Lee Alexandra K, Lipska Kasia J, Callahan Kathryn E, Raphael Eva, Lee Sei J
Department of Medicine, Division of Geriatrics, University of California San Francisco, San Francisco, California, USA
Department of Internal Medicine, Section of Endocrinology, Yale School of Medicine, New Haven, Connecticut, USA.
BMJ Open Diabetes Res Care. 2025 Jul 31;13(4):e004929. doi: 10.1136/bmjdrc-2025-004929.
Sodium-glucose cotransporter-2 inhibitors (SGLT2is) are recommended as first-line cardiorenal protective therapy in type 2 diabetes. Because SGLT2is cause glycosuria and increase urine volume, they may exacerbate incontinence symptoms among patients with pre-existing urinary incontinence. Our objective was to determine how many adults meeting guideline indications for SGLT2i have frequent urinary incontinence.
We conducted a cross-sectional analysis of National Health And Nutrition Examination Survey (NHANES) participants aged ≥55 with type 2 diabetes in 2013-2020. We determined whether participants met American Diabetes Association guideline indications for an SGLT2i due to heart failure or chronic kidney disease, or due to atherosclerotic cardiovascular disease or high cardiovascular risk (for the latter two cardiovascular indications, GLP-1RAs are guideline-recommended alternative medications).
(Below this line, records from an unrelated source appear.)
lemma path_gradical_eq_zero:
  assumes "path_space src tgt t s \<noteq> ({0} :: (_ \<Rightarrow> 'k::field) set)"
  shows "gradical r (pmul tgt) (path_space src tgt s t) (path_space src tgt t s)
    = ({0} :: (_ \<Rightarrow> 'k) set)"
proof -
  obtain p where p: "is_path src tgt t s p"
    using assms unfolding path_space_eq_zero_iff by blast
  let ?M = "path_space src tgt s t :: (_ \<Rightarrow> 'k) set" and ?G = "path_space src tgt t s"
  have M: "gideal (pmul tgt) ?M ?G ?M" and zero: "gideal (pmul tgt) ?M ?G {0}"
    by (rule path_space_gideal path_space_gideal_zero)+
  note basis = path_basis_in_path_space[OF p] path_space_gno_zero_divisors[OF p]
  show ?thesis
  proof (cases r)
    case Baer
    then show ?thesis
      using baer_radical_eq_zero[OF zero basis] by simp
  next
    case Nil
    then show ?thesis
      using nil_radical_eq_zero[OF M zero basis] by simp
  next
    case Levitzki
    then show ?thesis
      using levitzki_radical_eq_zero[OF M zero basis] by simp
  next
    case Jacobson
    have "I \<subseteq> {0}" if "gideal (pmul tgt) ?M ?G I" "\<forall>y\<in>I. grqr (pmul tgt) ?M ?G y" for I
    proof -
      have "I \<subseteq> ?M"
        using that(1) by (simp add: gideal_def)
      with that(2) show ?thesis
        using path_space_not_grqr[OF p] by blast
    qed
    then show ?thesis
      using Jacobson ideal_sum_eq_zero[OF zero] by (simp add: jacobson_radical_def)
  qed
qed

lemma path_gradical_eq_carrier:
  assumes "path_space src tgt t s = ({0} :: (_ \<Rightarrow> 'k::field) set)"
  shows "gradical r (pmul tgt) (path_space src tgt s t) (path_space src tgt t s)
    = (path_space src tgt s t :: (_ \<Rightarrow> 'k) set)"
  by (rule gradical_eq_carrier_if_products_vanish[OF path_space_gideal]) (use assms in simp_all)

theorem lemma3p1:
  fixes src tgt :: "'e \<Rightarrow> 'v" and s t :: 'v and r :: radkind
  assumes "path_space src tgt s t \<noteq> ({0} :: ('v \<times> 'e list \<Rightarrow> 'k::field) set)"
  shows "(gradical r (pmul tgt) (path_space src tgt s t) (path_space src tgt t s)
            = ({0} :: ('v \<times> 'e list \<Rightarrow> 'k) set)
          \<longleftrightarrow> path_space src tgt t s \<noteq> ({0} :: ('v \<times> 'e list \<Rightarrow> 'k) set))
       \<and> (gradical r (pmul tgt) (path_space src tgt s t) (path_space src tgt t s)
            = (path_space src tgt s t :: ('v \<times> 'e list \<Rightarrow> 'k) set)
          \<longleftrightarrow> path_space src tgt t s = ({0} :: ('v \<times> 'e list \<Rightarrow> 'k) set))"
proof (cases "path_space src tgt t s = ({0} :: ('v \<times> 'e list \<Rightarrow> 'k) set)")
  case True
  then show ?thesis
    using path_gradical_eq_carrier[OF True, of r] assms by simp
next
  case False
  then show ?thesis
    using path_gradical_eq_zero[OF False, of r] assms by simp
qed

end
Frequent urinary incontinence was defined by self-report of leaking urine daily/nightly or a few times per week.
There were 1726 NHANES participants aged ≥55 with type 2 diabetes, representing 16.0 million US adults; 19.6% (95% CI 17.3% to 22.2%) (3.1 million) met indications for an SGLT2i specifically and 50.9% (95% CI 47.2% to 54.7%) (8.2 million) met indications for either an SGLT2i or a GLP-1RA. Among those with indications for an SGLT2i specifically, 32.4% (95% CI 25.9% to 39.8%) had frequent urinary incontinence, representing 333 000 men and 685 000 women. Among those with indications for either an SGLT2i or GLP-1RA, 25.5% (95% CI 20.8% to 30.8%) had frequent urinary incontinence, representing 630 000 men and 1413 000 women.
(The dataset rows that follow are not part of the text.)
definition lin_span :: "('s, 'c) ring_scheme \<Rightarrow> ('s, 'm, 'd) module_scheme \<Rightarrow> (nat \<Rightarrow> 'm) \<Rightarrow> nat \<Rightarrow> 'm set" where
  "lin_span R M x j = {(\<Oplus>\<^bsub>M\<^esub> i\<in>{1..j}. c i \<odot>\<^bsub>M\<^esub> x i) | c. c \<in> {1..j} \<rightarrow> carrier R}"

definition sum_is_direct :: "('s, 'c) ring_scheme \<Rightarrow> ('s, 'm, 'd) module_scheme \<Rightarrow> (nat \<Rightarrow> 'm) \<Rightarrow> nat \<Rightarrow> bool" where
  "sum_is_direct R M x j \<longleftrightarrow> (\<forall>c \<in> {1..j} \<rightarrow> carrier R.
      (\<Oplus>\<^bsub>M\<^esub> i\<in>{1..j}. c i \<odot>\<^bsub>M\<^esub> x i) = \<zero>\<^bsub>M\<^esub> \<longrightarrow> (\<forall>i\<in>{1..j}. c i \<odot>\<^bsub>M\<^esub> x i = \<zero>\<^bsub>M\<^esub>))"

definition Ann :: "('s, 'c) ring_scheme \<Rightarrow> ('s, 'm, 'd) module_scheme \<Rightarrow> 'm \<Rightarrow> 's set" where
  "Ann R M x = {c \<in> carrier R. c \<odot>\<^bsub>M\<^esub> x = \<zero>\<^bsub>M\<^esub>}"

text \<open>The image I/J of an ideal I (containing J) in the quotient ring D/J.\<close>
definition quot_ideal :: "('a, 'b) ring_scheme \<Rightarrow> 'a set \<Rightarrow> 'a set \<Rightarrow> 'a set set" where
  "quot_ideal D I J = a_r_coset D J ` I"

text \<open>M/N is isomorphic, as a D-module (D acting on the Dbar-module M through
  the quotient map), to the external direct sum of the D-modules Q i, i = 1..r,
  where Q i = D/K i is given as a quotient ring of D (D acting by multiplication).
  M/N is the set of additive cosets of N, with coset addition and
  d \<cdot> (N + x) = N + (J + d) x.\<close>
definition quot_iso_dsum ::
  "('a, 'b) ring_scheme \<Rightarrow> 'a set \<Rightarrow> ('a set, 'm, 'd) module_scheme \<Rightarrow> 'm set
    \<Rightarrow> nat \<Rightarrow> (nat \<Rightarrow> 'a set) \<Rightarrow> bool" where
  "quot_iso_dsum D J M N r K \<longleftrightarrow>
    (\<exists>\<phi>. bij_betw \<phi> (A_RCOSETS M N) (PiE {1..r} (\<lambda>i. carrier (D Quot K i))) \<and>
      (\<forall>U\<in>(A_RCOSETS M N). \<forall>V\<in>(A_RCOSETS M N).
         \<phi> (set_add M U V) = (\<lambda>i\<in>{1..r}. ring.add (D Quot K i) (\<phi> U i) (\<phi> V i))) \<and>
      (\<forall>d\<in>carrier D. \<forall>x\<in>carrier M.
         \<phi> (a_r_coset M N (a_r_coset D J d \<odot>\<^bsub>M\<^esub> x)) =
           (\<lambda>i\<in>{1..r}. monoid.mult (D Quot K i) (a_r_coset D (K i) d) (\<phi> (a_r_coset M N x) i))))"

end

theory Submission
  imports Defs
begin

text \<open>
  Write \<open>R = D/(\<alpha>^n)\<close> and \<open>a\<close> for the image of \<open>\<alpha>\<close>. Every element of \<open>R\<close> is a unit or
  divisible by \<open>a\<close>, \<open>a^n = 0\<close>, and the annihilator of \<open>a^k\<close> is \<open>a^(n-k) R\<close>. Since
  \<open>Ann(x_i) = (a^(n_i))\<close>, each \<open>x_i\<close> is \<open>a^(n-n_i) z_i\<close> for some \<open>z_i \<in> M\<close>, and the directness of
  the sum shows that \<open>z_1, \<dots>, z_j\<close> are linearly independent modulo \<open>aM\<close>. Such a family extends
  to a basis \<open>y\<close> of \<open>M\<close> with \<open>y_i = z_i\<close> for \<open>i \<le> j\<close>, by repeatedly exchanging a basis vector
  whose coefficient is a unit. In this adapted basis \<open>N\<close> consists exactly of the combinations
  \<open>\<Sum> c_i y_i\<close> with \<open>c_i \<in> (a^(n-n_i))\<close>, where \<open>n_i = 0\<close> for \<open>i > j\<close>; hence reducing the
  \<open>i\<close>-th coordinate modulo \<open>(\<alpha>^(n-n_i))\<close> is a surjective \<open>D\<close>-linear map
  \<open>M \<rightarrow> \<Oplus>_i D/(\<alpha>^(n-n_i))\<close> with kernel \<open>N\<close>.
\<close>

section \<open>Linear combinations and bases\<close>

context module
begin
Frequent urinary incontinence affects >15% of men and >40% of women aged ≥55 years with guideline indications for SGLT2i. Studies are needed to determine if incontinence increases risk of genital infections when initiating SGLT2is.
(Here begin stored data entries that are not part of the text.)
lemma gauss_legendre_2_error:
  fixes g :: "nat \<Rightarrow> real \<Rightarrow> real"
  assumes "0 \<le> L"
    and g': "\<And>m t. m < 5 \<Longrightarrow> t \<in> {x..x+L} \<Longrightarrow>
           (g m has_real_derivative g (Suc m) t) (at t within {x..x+L})"
    and bound: "\<And>t. t \<in> {x..x+L} \<Longrightarrow> \<bar>g 5 t\<bar> \<le> M"
  shows "\<bar>g 0 x + L / 2 * (g 1 (x + L / 2 * (1 - 1 / sqrt 3)) + g 1 (x + L / 2 * (1 + 1 / sqrt 3)))
           - g 0 (x + L)\<bar> \<le> M * L ^ 5 / 20"
proof -
  define P where "P s = g 1 x + g 2 x * s + g 3 x * s ^ 2 / 2 + g 4 x * s ^ 3 / 6" for s
  have node: "\<bar>g 1 (x + s) - P s\<bar> \<le> M * L ^ 4 / 24" if "0 \<le> s" "s \<le> L" for s
  proof -
    have "\<bar>g (Suc 0) (x + s) - (\<Sum>m<4. g (Suc m) x * s ^ m / fact m)\<bar> \<le> M * s ^ 4 / fact 4"
      using that g' bound
      by (intro taylor_remainder_bound_within[where g = "\<lambda>m. g (Suc m)"])
        (auto intro: DERIV_subset[of _ _ _ "{x..x+L}"])
    also have "\<dots> \<le> M * L ^ 4 / fact 4"
      using that bound[of x] \<open>0 \<le> L\<close> by (intro divide_right_mono mult_left_mono power_mono) auto
    finally show ?thesis
      by (simp add: P_def eval_nat_numeral)
  qed
  have endpoint: "\<bar>g 0 (x + L) - (\<Sum>m<5. g m x * L ^ m / fact m)\<bar> \<le> M * L ^ 5 / fact 5"
    using \<open>0 \<le> L\<close> g' bound by (rule taylor_remainder_bound_within)
  define c where "c = 1 / sqrt 3"
  have c: "0 \<le> c" "c \<le> 1" "c ^ 2 = 1 / 3"
    by (auto simp: c_def power_divide)
  \<comment> \<open>the two-point rule integrates cubics exactly\<close>
  have exact: "g 0 x + L / 2 * (P (L / 2 * (1 - c)) + P (L / 2 * (1 + c)))
      = (\<Sum>m<5. g m x * L ^ m / fact m)"
  proof -
    have "L / 2 * (P (L / 2 * (1 - c)) + P (L / 2 * (1 + c)))
        = g 1 x * L + g 2 x * L ^ 2 / 2 + g 3 x * L ^ 3 * (1 + c ^ 2) / 8
          + g 4 x * L ^ 4 * (1 + 3 * c ^ 2) / 48"
      by (simp add: P_def field_simps power2_eq_square power3_eq_cube power4_eq_xxxx)
    also have "\<dots> = g 1 x * L + g 2 x * L ^ 2 / 2 + g 3 x * L ^ 3 / 6 + g 4 x * L ^ 4 / 24"
      unfolding c(3) by (simp add: algebra_simps)
    finally show ?thesis
      by (simp add: eval_nat_numeral)
  qed
  define E1 where "E1 = g 1 (x + L / 2 * (1 - c)) - P (L / 2 * (1 - c))"
  define E2 where "E2 = g 1 (x + L / 2 * (1 + c)) - P (L / 2 * (1 + c))"
  define E0 where "E0 = g 0 (x + L) - (\<Sum>m<5. g m x * L ^ m / fact m)"
  have "\<bar>E1\<bar> \<le> M * L ^ 4 / 24"
    unfolding E1_def by (rule node) (use \<open>0 \<le> L\<close> c in \<open>auto intro: mult_left_mono\<close>)
  moreover have "\<bar>E2\<bar> \<le> M * L ^ 4 / 24"
    unfolding E2_def by (rule node) (use \<open>0 \<le> L\<close> c in \<open>auto intro: mult_left_mono\<close>)
  ultimately have "\<bar>E1 + E2\<bar> \<le> M * L ^ 4 / 24 + M * L ^ 4 / 24"
    by linarith
  from mult_left_mono[OF this, of "L / 2"]
  have nodes: "\<bar>L / 2 * (E1 + E2)\<bar> \<le> L / 2 * (M * L ^ 4 / 24 + M * L ^ 4 / 24)"
    using \<open>0 \<le> L\<close> by (simp add: abs_mult)
  have "\<bar>g 0 x + L / 2 * (g 1 (x + L / 2 * (1 - c)) + g 1 (x + L / 2 * (1 + c))) - g 0 (x + L)\<bar>
      = \<bar>L / 2 * (E1 + E2) - E0\<bar>"
    using exact unfolding E0_def E1_def E2_def by (simp add: algebra_simps)
  also have "\<dots> \<le> L / 2 * (M * L ^ 4 / 24 + M * L ^ 4 / 24) + M * L ^ 5 / fact 5"
    using nodes endpoint unfolding E0_def by linarith
  also have "\<dots> = M * L ^ 5 / 20"
    by (simp add: eval_nat_numeral field_simps)
  finally show ?thesis
    by (simp only: c_def)
qed

lemma linear_recurrence_bound:
  fixes e :: "nat \<Rightarrow> real"
  assumes "e 0 \<le> 0" and "0 \<le> L" and "0 \<le> B"
    and step: "\<And>k. k < n \<Longrightarrow> e (Suc k) \<le> (1 + L) * e k + B"
  shows "e n \<le> real n * B * exp (real n * L)"
  using step
proof (induction n)
  case 0
  then show ?case using \<open>e 0 \<le> 0\<close> by simp
next
  case (Suc n)
  have "(1 + L) * exp (real n * L) \<le> exp L * exp (real n * L)"
    by (simp add: add.commute)
  then have growth: "(1 + L) * exp (real n * L) \<le> exp (real (Suc n) * L)"
    by (simp add: mult_exp_exp algebra_simps)
  have "B \<le> B * exp (real (Suc n) * L)"
    using \<open>0 \<le> L\<close> \<open>0 \<le> B\<close> by (simp add: mult_le_cancel_left1)
  have "e (Suc n) \<le> (1 + L) * (real n * B * exp (real n * L)) + B"
    using Suc \<open>0 \<le> L\<close> by (intro order_trans[OF Suc.prems] add_mono mult_left_mono) auto
  also have "\<dots> \<le> real n * B * exp (real (Suc n) * L) + B * exp (real (Suc n) * L)"
    using growth \<open>B \<le> B * exp (real (Suc n) * L)\<close> \<open>0 \<le> L\<close> \<open>0 \<le> B\<close>
    by (intro add_mono) (auto simp: mult.left_commute[of "1 + L"] intro: mult_left_mono)
  finally show ?case
    by (simp add: algebra_simps)
qed

lemma finite_uniform_bound:
  assumes "finite I" and "\<And>i. i \<in> I \<Longrightarrow> \<exists>M. \<forall>x\<in>S. \<bar>g i x\<bar> \<le> M"
  shows "\<exists>M\<ge>1. \<forall>i\<in>I. \<forall>x\<in>S. \<bar>g i x\<bar> \<le> (M :: real)"
  using assms
proof (induction I rule: finite_induct)
  case empty
  then show ?case by auto
next
  case (insert i I)
  then obtain M1 M2 where "M1 \<ge> 1" "\<forall>j\<in>I. \<forall>x\<in>S. \<bar>g j x\<bar> \<le> M1" "\<forall>x\<in>S. \<bar>g i x\<bar> \<le> M2"
    by (metis insertCI)
  then show ?case
    by (intro exI[of _ "max M1 M2"]) (auto intro: le_max_iff_disj[THEN iffD2])
qed

section \<open>Derivatives of the solution\<close>

text \<open>Polynomials in the partial derivatives \<open>D i j\<close> of \<open>f\<close>. Along a solution,
  \<open>d/dt g(t, y t) = g\<^sub>x + g\<^sub>u * f\<close> (\<open>pderiv_total\<close>), so iterating \<open>pderiv_total\<close> on
  \<open>Partial 0 0 = f\<close> produces the derivatives of \<open>y\<close>.\<close>

datatype pexpr = Partial nat nat | Plus pexpr pexpr | Times pexpr pexpr

fun peval :: "(nat \<Rightarrow> nat \<Rightarrow> real \<Rightarrow> real \<Rightarrow> real) \<Rightarrow> pexpr \<Rightarrow> real \<Rightarrow> real \<Rightarrow> real" where
  "peval D (Partial i j) x u = D i j x u"
| "peval D (Plus e1 e2) x u = peval D e1 x u + peval D e2 x u"
| "peval D (Times e1 e2) x u = peval D e1 x u * peval D e2 x u"

fun porder :: "pexpr \<Rightarrow> nat" where
  "porder (Partial i j) = i + j"
| "porder (Plus e1 e2) = max (porder e1) (porder e2)"
| "porder (Times e1 e2) = max (porder e1) (porder e2)"

fun pderiv_x :: "pexpr \<Rightarrow> pexpr" where
  "pderiv_x (Partial i j) = Partial (Suc i) j"
| "pderiv_x (Plus e1 e2) = Plus (pderiv_x e1) (pderiv_x e2)"
| "pderiv_x (Times e1 e2) = Plus (Times (pderiv_x e1) e2) (Times e1 (pderiv_x e2))"

fun pderiv_u :: "pexpr \<Rightarrow> pexpr" where
  "pderiv_u (Partial i j) = Partial i (Suc j)"
| "pderiv_u (Plus e1 e2) = Plus (pderiv_u e1) (pderiv_u e2)"
| "pderiv_u (Times e1 e2) = Plus (Times (pderiv_u e1) e2) (Times e1 (pderiv_u e2))"

definition pderiv_total :: "pexpr \<Rightarrow> pexpr" where
  "pderiv_total e = Plus (pderiv_x e) (Times (pderiv_u e) (Partial 0 0))"

fun pbound :: "real \<Rightarrow> pexpr \<Rightarrow> real" where
  "pbound M (Partial i j) = M"
| "pbound M (Plus e1 e2) = pbound M e1 + pbound M e2"
| "pbound M (Times e1 e2) = pbound M e1 * pbound M e2"

lemma porder_pderiv_x [simp]: "porder (pderiv_x e) = Suc (porder e)"
  by (induction e) auto

lemma porder_pderiv_u [simp]: "porder (pderiv_u e) = Suc (porder e)"
  by (induction e) auto

lemma porder_pderiv_total_iterate: "porder ((pderiv_total ^^ k) (Partial 0 0)) = k"
  by (induction k) (auto simp: pderiv_total_def)

lemma pbound_nonneg: "0 \<le> M \<Longrightarrow> 0 \<le> pbound M e"
  by (induction e) auto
钠-葡萄糖协同转运蛋白2抑制剂(SGLT2i)被推荐作为2型糖尿病的一线心脏肾脏保护治疗药物。由于SGLT2i会导致糖尿并增加尿量,它们可能会使已有尿失禁症状的患者的失禁症状加重。我们的目的是确定符合SGLT2i指南适应证的成年患者中,有多少人存在频繁尿失禁的情况。
我们对2013年至2020年年龄≥55岁的2型糖尿病国家健康与营养检查调查(NHANES)参与者进行了横断面分析。我们确定参与者是否因心力衰竭或慢性肾脏病,或因动脉粥样硬化性心血管疾病或高心血管风险而符合美国糖尿病协会SGLT2i的指南适应证(对于后两种心血管适应证,胰高血糖素样肽-1受体激动剂[GLP-1RAs]是指南推荐的替代药物)。频繁尿失禁的定义为自我报告每天/每晚或每周几次漏尿。
共有1726名年龄≥55岁的NHANES 2型糖尿病参与者,代表1600万美国成年人;19.6%(95%CI 17.3%至22.2%)(310万)专门符合SGLT2i的适应证,50.9%(95%CI 47.2%至54.7%)(820万)符合SGLT2i或GLP-1RA的适应证。在专门符合SGLT2i适应证的人群中,32.4%(95%CI 25.9%至39.8%)存在频繁尿失禁,其中男性33.3万,女性68.5万。在符合SGLT2i或GLP-1RA适应证的人群中,25.5%(95%CI 20.8%至30.8%)存在频繁尿失禁,其中男性63万,女性141.3万。
频繁尿失禁影响了年龄≥55岁且符合SGLT2i指南适应证的男性中的>15%和女性中的>40%。需要开展研究以确定开始使用SGLT2i时失禁是否会增加生殖器感染风险。